Exam 2 Flashcards
(26 cards)
Complicated UTI’s
common in dogs & cats Causes: - functional (interferes with micturition) - anatomical deficits/dysfunction - Other (trauma, disease)
Uncomplicated UTI’s
- common in humans, uncommon in dogs/cats
- presume if healthy animal, 1 time event, and other predisposing causes ruled out
Treat an uncomplicated UTI
10-14 days
Top 3 drugs: Amoxicillin, Amoxicillin + Clavulanic acid, Cephalexin
Or high dose enrofloxacin or Trimethoprim-sulfa for 3 days
Treat a complicated UTI
Treat case by case depending on what’s cultured
Top 3 drugs: Amoxicillin, Amoxicillin + Clavulanic acid, Cephalexin
Min 10-14 days, max 6 wks
UTI Gram neg enteric bacterial agents
- facultative anaerobes
- fecal organisms
- Enterobacteriaceae family (EPEK: E. coli, Proteus spp, Enterobacter spp, Klebsiella spp)
UTI Gram pos cocci bacterial agents
- facultative anaerobes
- Coagulase Pos (S. pseudointermedius, S. aureus)
- Enterococcus spp (fecal bact)
UTI other bacterial agents
- Corynebacterium urealyticum (fac an)
- P. aeruginosa (obligate an, indwelling cath)
- Mollicutes (mycoplasma and ureaplasma spp)
- Fungal (candida spp)
Large animal UTI bacterial agent
Corynebacterium renale
facultative anaerobic G+ rod
normal urogenital flora
What bacteria make urease?
Staph spp Proteus spp Enterobacter spp Corynebacterium renale Corynebacterium urealyticum
How does urease contribute to struvite urolithiasis?
- Bacteria produce urease –> ammonia production
- ammonia increases urine pH
- alkaline environment = struvite crystal formation –> urolithiasis
Cystitis diagnosis
- Urine collection by cystocentesis (preferred), cath, or midstream voided
- Quantitative aerobic culture plate
- measures colony forming units per ml urine
- get result range: contaminated (low numbers), suspicious, significant (high numbers)

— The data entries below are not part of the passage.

(* There is no commutative unitary ring $R$ with exactly three ideals such that $(Id(R),\cap,+,\otimes,\rightarrow,\{0\},R)$ is a BL-algebra which is not an MV-algebra.
   Context: For a commutative unitary ring $R$, $Id(R)$ is the set of its ideals, ordered by inclusion, with $I\cap J$, $I+J=\{i+j: i\in I, j\in J\}$, $I\otimes J=\{\sum_{k=1}^n i_kj_k: i_k\in I, j_k\in J\}$, and $I\rightarrow J=(J:I)=\{x\in R: xI\subseteq J\}$; this is a residuated lattice with bottom $\{0\}$ and top $R$. A (commutative) residuated lattice $(L,\wedge,\vee,\odot,\rightarrow,0,1)$ is a bounded lattice with a commutative ordered monoid $(L,\odot,1)$ such that $z\le x\rightarrow y$ iff $x\odot z\le y$. A BL-algebra is a residuated lattice satisfying $(x\rightarrow y)\vee(y\rightarrow x)=1$ and $x\odot(x\rightarrow y)=x\wedge y$. A BL-algebra is an MV-algebra (i.e. corresponds to an MV-algebra) when $x^{\ast\ast}=x$ for all $x$, where $x^\ast=x\rightarrow 0$. *)

theory Defs
  imports "HOL-Algebra.Ideal_Product"
begin

definition residuated_lattice ::
  "'b set \<Rightarrow> ('b \<Rightarrow> 'b \<Rightarrow> bool) \<Rightarrow> ('b \<Rightarrow> 'b \<Rightarrow> 'b) \<Rightarrow> ('b \<Rightarrow> 'b \<Rightarrow> 'b) \<Rightarrow>
   ('b \<Rightarrow> 'b \<Rightarrow> 'b) \<Rightarrow> ('b \<Rightarrow> 'b \<Rightarrow> 'b) \<Rightarrow> 'b \<Rightarrow> 'b \<Rightarrow> bool" where
  "residuated_lattice L leq mt jn mul res bt tp \<longleftrightarrow>
     bt \<in> L \<and> tp \<in> L \<and>
     (\<forall>x\<in>L. \<forall>y\<in>L. mt x y \<in> L \<and> jn x y \<in> L \<and> mul x y \<in> L \<and> res x y \<in> L) \<and>
     \<comment> \<open>partial order\<close>
     (\<forall>x\<in>L. leq x x) \<and>
     (\<forall>x\<in>L. \<forall>y\<in>L. leq x y \<and> leq y x \<longrightarrow> x = y) \<and>
     (\<forall>x\<in>L. \<forall>y\<in>L. \<forall>z\<in>L. leq x y \<and> leq y z \<longrightarrow> leq x z) \<and>
     \<comment> \<open>mt is the greatest lower bound, jn the least upper bound\<close>
     (\<forall>x\<in>L. \<forall>y\<in>L. leq (mt x y) x \<and> leq (mt x y) y \<and>
        (\<forall>z\<in>L. leq z x \<and> leq z y \<longrightarrow> leq z (mt x y))) \<and>
     (\<forall>x\<in>L. \<forall>y\<in>L. leq x (jn x y) \<and> leq y (jn x y) \<and>
        (\<forall>z\<in>L. leq x z \<and> leq y z \<longrightarrow> leq (jn x y) z)) \<and>
     \<comment> \<open>bounds\<close>
     (\<forall>x\<in>L. leq bt x \<and> leq x tp) \<and>
     \<comment> \<open>commutative ordered monoid with unit tp\<close>
     (\<forall>x\<in>L. \<forall>y\<in>L. \<forall>z\<in>L. mul (mul x y) z = mul x (mul y z)) \<and>
     (\<forall>x\<in>L. \<forall>y\<in>L. mul x y = mul y x) \<and>
     (\<forall>x\<in>L. mul x tp = x) \<and>
     (\<forall>x\<in>L. \<forall>y\<in>L. \<forall>z\<in>L. leq x y \<longrightarrow> leq (mul x z) (mul y z)) \<and>
     \<comment> \<open>residuation\<close>
     (\<forall>x\<in>L. \<forall>y\<in>L. \<forall>z\<in>L. leq z (res x y) \<longleftrightarrow> leq (mul x z) y)"

definition BL_algebra ::
  "'b set \<Rightarrow> ('b \<Rightarrow> 'b \<Rightarrow> bool) \<Rightarrow> ('b \<Rightarrow> 'b \<Rightarrow> 'b) \<Rightarrow> ('b \<Rightarrow> 'b \<Rightarrow> 'b) \<Rightarrow>
   ('b \<Rightarrow> 'b \<Rightarrow> 'b) \<Rightarrow> ('b \<Rightarrow> 'b \<Rightarrow> 'b) \<Rightarrow> 'b \<Rightarrow> 'b \<Rightarrow> bool" where
  "BL_algebra L leq mt jn mul res bt tp \<longleftrightarrow>
     residuated_lattice L leq mt jn mul res bt tp \<and>
     (\<forall>x\<in>L. \<forall>y\<in>L. jn (res x y) (res y x) = tp) \<and>
     (\<forall>x\<in>L. \<forall>y\<in>L. mul x (res x y) = mt x y)"

definition MV_algebra ::
  "'b set \<Rightarrow> ('b \<Rightarrow> 'b \<Rightarrow> bool) \<Rightarrow> ('b \<Rightarrow> 'b \<Rightarrow> 'b) \<Rightarrow> ('b \<Rightarrow> 'b \<Rightarrow> 'b) \<Rightarrow>
   ('b \<Rightarrow> 'b \<Rightarrow> 'b) \<Rightarrow> ('b \<Rightarrow> 'b \<Rightarrow> 'b) \<Rightarrow> 'b \<Rightarrow> 'b \<Rightarrow> bool" where
  "MV_algebra L leq mt jn mul res bt tp \<longleftrightarrow>
     BL_algebra L leq mt jn mul res bt tp \<and>
     (\<forall>x\<in>L. res (res x bt) bt = x)"

definition ideals :: "('a, 'c) ring_scheme \<Rightarrow> 'a set set" where
  "ideals R = {I. ideal I R}"

definition ideal_res :: "('a, 'c) ring_scheme \<Rightarrow> 'a set \<Rightarrow> 'a set \<Rightarrow> 'a set" where
  "ideal_res R I J = {x \<in> carrier R. \<forall>i\<in>I. x \<otimes>\<^bsub>R\<^esub> i \<in> J}"

end

theory Submission
  imports Defs
begin

text \<open>
  If the ideals of R are exactly 0, I and R, they form a chain, so the only idempotents of R
  are 0 and 1, and every nonzero element of I generates I. An element a of I with a^2 \<noteq> 0
  would then satisfy a = r a^2, making r a an idempotent that is neither 0 (as r a a = a)
  nor 1 (as I is proper). Hence I^2 = 0, the annihilator I \<rightarrow> 0 is I itself, and the
  negation x \<mapsto> x \<rightarrow> 0 swaps 0 and R and fixes I, so it is an involution. The BL hypothesis
  is needed only for the BL part of the MV conclusion.
\<close>

lemma (in cring) ideal_res_ideal:
  assumes "I \<subseteq> carrier R" and "ideal J R"
  shows "ideal (ideal_res R I J) R"
proof -
  interpret J: ideal J R by fact
  have r_closed: "a \<otimes> x \<in> ideal_res R I J" if "a \<in> ideal_res R I J" "x \<in> carrier R" for a x
  proof -
    have "a \<otimes> x \<otimes> i = x \<otimes> (a \<otimes> i)" if "i \<in> I" for i
      using \<open>i \<in> I\<close> assms(1) \<open>a \<in> ideal_res R I J\<close> \<open>x \<in> carrier R\<close>
      by (auto simp: ideal_res_def m_comm m_lcomm)
    then show ?thesis
      using that by (auto simp: ideal_res_def J.I_l_closed)
  qed
  show ?thesis
  proof (rule idealI[OF ring_axioms])
    show "subgroup (ideal_res R I J) (add_monoid R)"
      using assms(1)
      by (intro add.subgroupI) (auto simp: ideal_res_def l_distr l_minus subsetD intro!: exI[of _ \<zero>])
    show "x \<otimes> a \<in> ideal_res R I J" if "a \<in> ideal_res R I J" "x \<in> carrier R" for a x
      using r_closed[OF that] that by (simp add: ideal_res_def m_comm)
  qed (fact r_closed)
qed

lemma (in ring) ideal_res_zero_left:
  assumes "\<zero> \<in> J"
  shows "ideal_res R {\<zero>} J = carrier R"
  using assms by (auto simp: ideal_res_def)

lemma (in ring) ideal_res_carrier_left:
  assumes "ideal J R"
  shows "ideal_res R (carrier R) J = J"
proof -
  interpret J: ideal J R by fact
  show ?thesis
    by (auto simp: ideal_res_def J.I_r_closed dest: bspec[of _ _ \<one>])
qed

lemma (in cring) idempotent_zero_if_in_cgenideal_of_annihilator:
  assumes "e \<in> carrier R" "f \<in> carrier R" "e \<otimes> e = e" "e \<otimes> f = \<zero>" "e \<in> PIdl f"
  shows "e = \<zero>"
proof -
  obtain s where s: "s \<in> carrier R" and e_eq: "e = s \<otimes> f"
    using assms(5) by (auto simp: cgenideal_def)
  have "e = s \<otimes> (e \<otimes> f)"
    using assms(1-3) s e_eq by (metis m_assoc m_comm)
  then show ?thesis
    using assms(4) s by simp
qed

lemma (in cring) idempotent_trivial_if_ideals_chain:
  assumes chain: "\<And>I J. ideal I R \<Longrightarrow> ideal J R \<Longrightarrow> I \<subseteq> J \<or> J \<subseteq> I"
    and e: "e \<in> carrier R" "e \<otimes> e = e"
  shows "e = \<zero> \<or> e = \<one>"
proof -
  define f where "f = \<one> \<ominus> e"
  have f: "f \<in> carrier R" "f \<otimes> f = f" "e \<otimes> f = \<zero>" "f \<otimes> e = \<zero>"
    using e by (simp_all add: f_def a_minus_def l_distr r_distr l_minus r_minus r_neg)
  have "e \<in> PIdl f \<or> f \<in> PIdl e"
    using chain[OF cgenideal_ideal[OF e(1)] cgenideal_ideal[OF f(1)]]
      cgenideal_self[OF e(1)] cgenideal_self[OF f(1)] by blast
  then have "e = \<zero> \<or> f = \<zero>"
    using idempotent_zero_if_in_cgenideal_of_annihilator e f by blast
  moreover have "f = \<zero> \<Longrightarrow> e = \<one>"
    using e(1) sum_zero_eq_neg[of \<one> "\<ominus> e"] by (simp add: f_def a_minus_def)
  ultimately show ?thesis
    by blast
qed

lemma (in cring) zero_or_unit_if_in_cgenideal_of_square:
  assumes idempotent_trivial: "\<And>e. e \<in> carrier R \<Longrightarrow> e \<otimes> e = e \<Longrightarrow> e = \<zero> \<or> e = \<one>"
    and a: "a \<in> carrier R" "a \<in> PIdl (a \<otimes> a)"
  shows "a = \<zero> \<or> a \<in> Units R"
proof -
  obtain r where r: "r \<in> carrier R" and a_eq: "a = r \<otimes> (a \<otimes> a)"
    using a(2) by (auto simp: cgenideal_def)
  have ra_a: "r \<otimes> a \<otimes> a = a"
    using m_assoc[OF r a(1) a(1)] a_eq by (rule trans[OF _ sym])
  have "r \<otimes> a \<otimes> (r \<otimes> a) = r \<otimes> (r \<otimes> a \<otimes> a)"
    using a(1) r by (simp add: m_ac)
  also have "\<dots> = r \<otimes> a"
    by (simp only: ra_a)
  finally have "r \<otimes> a = \<zero> \<or> r \<otimes> a = \<one>"
    using idempotent_trivial[of "r \<otimes> a"] a(1) r by simp
  then show ?thesis
  proof
    assume "r \<otimes> a = \<zero>"
    then show ?thesis
      using ra_a a(1) by simp
  next
    assume ra: "r \<otimes> a = \<one>"
    then have "a \<otimes> r = \<one>"
      using a(1) r by (simp add: m_comm)
    then show ?thesis
      using ra a(1) r unfolding Units_def by blast
  qed
qed

lemma (in cring) square_zero_if_generated_by_each_nonzero_element:
  assumes idempotent_trivial: "\<And>e. e \<in> carrier R \<Longrightarrow> e \<otimes> e = e \<Longrightarrow> e = \<zero> \<or> e = \<one>"
    and "ideal I R" and proper: "I \<noteq> carrier R"
    and generated: "\<And>x. x \<in> I \<Longrightarrow> x \<noteq> \<zero> \<Longrightarrow> PIdl x = I"
    and a: "a \<in> I" and b: "b \<in> I"
  shows "a \<otimes> b = \<zero>"
proof -
  interpret I: ideal I R by fact
  have square_zero: "c \<otimes> c = \<zero>" if c: "c \<in> I" for c
  proof (rule ccontr)
    assume nonzero: "c \<otimes> c \<noteq> \<zero>"
    have c_carrier: "c \<in> carrier R"
      using c by (rule I.Icarr)
    have "c \<in> PIdl (c \<otimes> c)"
      using generated[OF I.I_r_closed[OF c c_carrier] nonzero] c by simp
    then have "c = \<zero> \<or> c \<in> Units R"
      using zero_or_unit_if_in_cgenideal_of_square idempotent_trivial c_carrier by blast
    moreover have "c \<notin> Units R"
    proof
      assume unit: "c \<in> Units R"
      then have "inv c \<otimes> c \<in> I"
        using c by (simp add: I.I_l_closed del: Units_l_inv)
      then have "\<one> \<in> I"
        using unit by simp
      then show False
        using proper I.one_imp_carrier by blast
    qed
    ultimately show False
      using nonzero c_carrier by auto
  qed
  show ?thesis
  proof (cases "a = \<zero>")
    case True
    then show ?thesis
      using I.Icarr[OF b] by simp
  next
    case False
    then obtain r where r: "r \<in> carrier R" and b_eq: "b = r \<otimes> a"
      using generated[OF a False] b by (auto simp: cgenideal_def)
    then have "a \<otimes> b = r \<otimes> (a \<otimes> a)"
      using I.Icarr[OF a] by (simp add: m_lcomm)
    then show ?thesis
      using square_zero[OF a] r by simp
  qed
qed

lemma (in ring) card_ideals_eq_3E:
  assumes "card (ideals R) = 3"
  obtains I where "ideals R = {{\<zero>}, I, carrier R}" "I \<noteq> {\<zero>}" "I \<noteq> carrier R"
proof -
  have trivial_ideals: "{\<zero>} \<in> ideals R" "carrier R \<in> ideals R"
    by (simp_all add: ideals_def zeroideal oneideal)
  have "{\<zero>} \<noteq> carrier R"
  proof
    assume trivial: "{\<zero>} = carrier R"
    have "J = {\<zero>}" if "J \<in> ideals R" for J
    proof -
      have "additive_subgroup J R"
        using that by (simp add: ideals_def ideal.axioms(1))
      then have "J \<subseteq> carrier R" "\<zero> \<in> J"
        by (simp_all add: additive_subgroup.a_subset additive_subgroup.zero_closed)
      then show ?thesis
        using trivial by blast
    qed
    then have "card (ideals R) \<le> card {{\<zero>}}"
      by (intro card_mono) auto
    then show False
      using assms by simp
  qed
  moreover have "finite (ideals R)"
    using assms by (metis card.infinite zero_neq_numeral)
  ultimately have "card (ideals R - {{\<zero>}, carrier R}) = 1"
    using assms trivial_ideals by (subst card_Diff_subset) auto
  then obtain I where I: "ideals R - {{\<zero>}, carrier R} = {I}"
    by (rule card_1_singletonE)
  then have "ideals R = {{\<zero>}, I, carrier R}"
    using trivial_ideals by blast
  moreover have "I \<noteq> {\<zero>}" "I \<noteq> carrier R"
    using I by blast+
  ultimately show thesis
    by (rule that)
qed

lemma (in cring) annihilator_eq_self_if_three_ideals:
  assumes ideals_eq: "ideals R = {{\<zero>}, I, carrier R}"
    and nonzero: "I \<noteq> {\<zero>}" and proper: "I \<noteq> carrier R"
  shows "ideal_res R I {\<zero>} = I"
proof -
  have ideal_cases: "J = {\<zero>} \<or> J = I \<or> J = carrier R" if "ideal J R" for J
    using that ideals_eq by (auto simp: ideals_def)
  have I: "ideal I R"
    using ideals_eq by (auto simp: ideals_def)
  then interpret I: ideal I R .
  have chain: "J \<subseteq> K \<or> K \<subseteq> J" if "ideal J R" "ideal K R" for J K
    using ideal_cases[OF that(1)] ideal_cases[OF that(2)] that I.a_subset
    by (auto dest: additive_subgroup.zero_closed[OF ideal.axioms(1)])
  have generated: "PIdl x = I" if x: "x \<in> I" "x \<noteq> \<zero>" for x
  proof -
    have "PIdl x \<subseteq> I"
      using cgenideal_minimal[OF I x(1)] .
    moreover have "x \<in> PIdl x"
      using I.Icarr[OF x(1)] by (rule cgenideal_self)
    ultimately show ?thesis
      using ideal_cases[OF cgenideal_ideal[OF I.Icarr[OF x(1)]]] x(2) proper I.a_subset by auto
  qed
  have square_zero: "a \<otimes> b = \<zero>" if "a \<in> I" "b \<in> I" for a b
    by (rule square_zero_if_generated_by_each_nonzero_element
        [OF idempotent_trivial_if_ideals_chain[OF chain] I proper generated that])
  have "I \<subseteq> ideal_res R I {\<zero>}"
    using square_zero I.a_subset by (auto simp: ideal_res_def)
  moreover have "\<one> \<notin> ideal_res R I {\<zero>}"
    using nonzero I.a_subset by (auto simp: ideal_res_def)
  moreover have "ideal (ideal_res R I {\<zero>}) R"
    using I.a_subset zeroideal by (rule ideal_res_ideal)
  then consider "ideal_res R I {\<zero>} = {\<zero>}" | "ideal_res R I {\<zero>} = I"
    | "ideal_res R I {\<zero>} = carrier R"
    using ideal_cases by blast
  ultimately show ?thesis
    using nonzero I.zero_closed by (cases) auto
qed

theorem proposition3p1:
  fixes R :: "('a, 'c) ring_scheme"
  assumes "cring R"
    and "card (ideals R) = 3"
    and "BL_algebra (ideals R) (\<subseteq>) (\<inter>) (set_add R) (ideal_prod R) (ideal_res R)
           {\<zero>\<^bsub>R\<^esub>} (carrier R)"
  shows "MV_algebra (ideals R) (\<subseteq>) (\<inter>) (set_add R) (ideal_prod R) (ideal_res R)
           {\<zero>\<^bsub>R\<^esub>} (carrier R)"
proof -
  interpret cring R by fact
  obtain I where ideals_eq: "ideals R = {{\<zero>\<^bsub>R\<^esub>}, I, carrier R}"
    and "I \<noteq> {\<zero>\<^bsub>R\<^esub>}" "I \<noteq> carrier R"
    using assms(2) by (rule card_ideals_eq_3E)
  then have "ideal_res R I {\<zero>\<^bsub>R\<^esub>} = I"
    by (rule annihilator_eq_self_if_three_ideals)
  moreover have "ideal_res R {\<zero>\<^bsub>R\<^esub>} {\<zero>\<^bsub>R\<^esub>} = carrier R"
    by (simp add: ideal_res_zero_left)
  moreover have "ideal_res R (carrier R) {\<zero>\<^bsub>R\<^esub>} = {\<zero>\<^bsub>R\<^esub>}"
    using zeroideal by (rule ideal_res_carrier_left)
  ultimately show ?thesis
    using assms(3) by (auto simp: MV_algebra_def ideals_eq)
qed

end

Empirical vs. Targeted cystitis therapy
Empirical - presumptive, reasonable if first time with clinical signs, use 3 main drugs
Targeted - based on significant culture result and susceptibility testing, use for recurrent cases - document cure 2-3 days post therapy
Prostatitis
- E. coli most common, but also can be other common UTI bacteria
- Treat with lipophilic/weak base drugs (Enrofloxacin, Trimeth-sulfa, Chloramphenicol, Clindamycin if it’s Staph)
What spp does Leptospira cause disease in?
Mammals - cattle, pigs, horses, dogs
not birds
zoonotic concerns
Leptospira characteristics
- spirochete, gram negative
- periplasmic flagellum inside cell wall
- l. interrogans has multiple serovars
Reservoir host for Leptospira
rodents (endemic), shed in urine
Accidental hosts for Leptospira
- animals and humans
- primarily drink contaminated water
Pathogenesis of Lepto
- penetrate skin/mucous membrane
- leptospiremia 3-5 days (replicate in blood)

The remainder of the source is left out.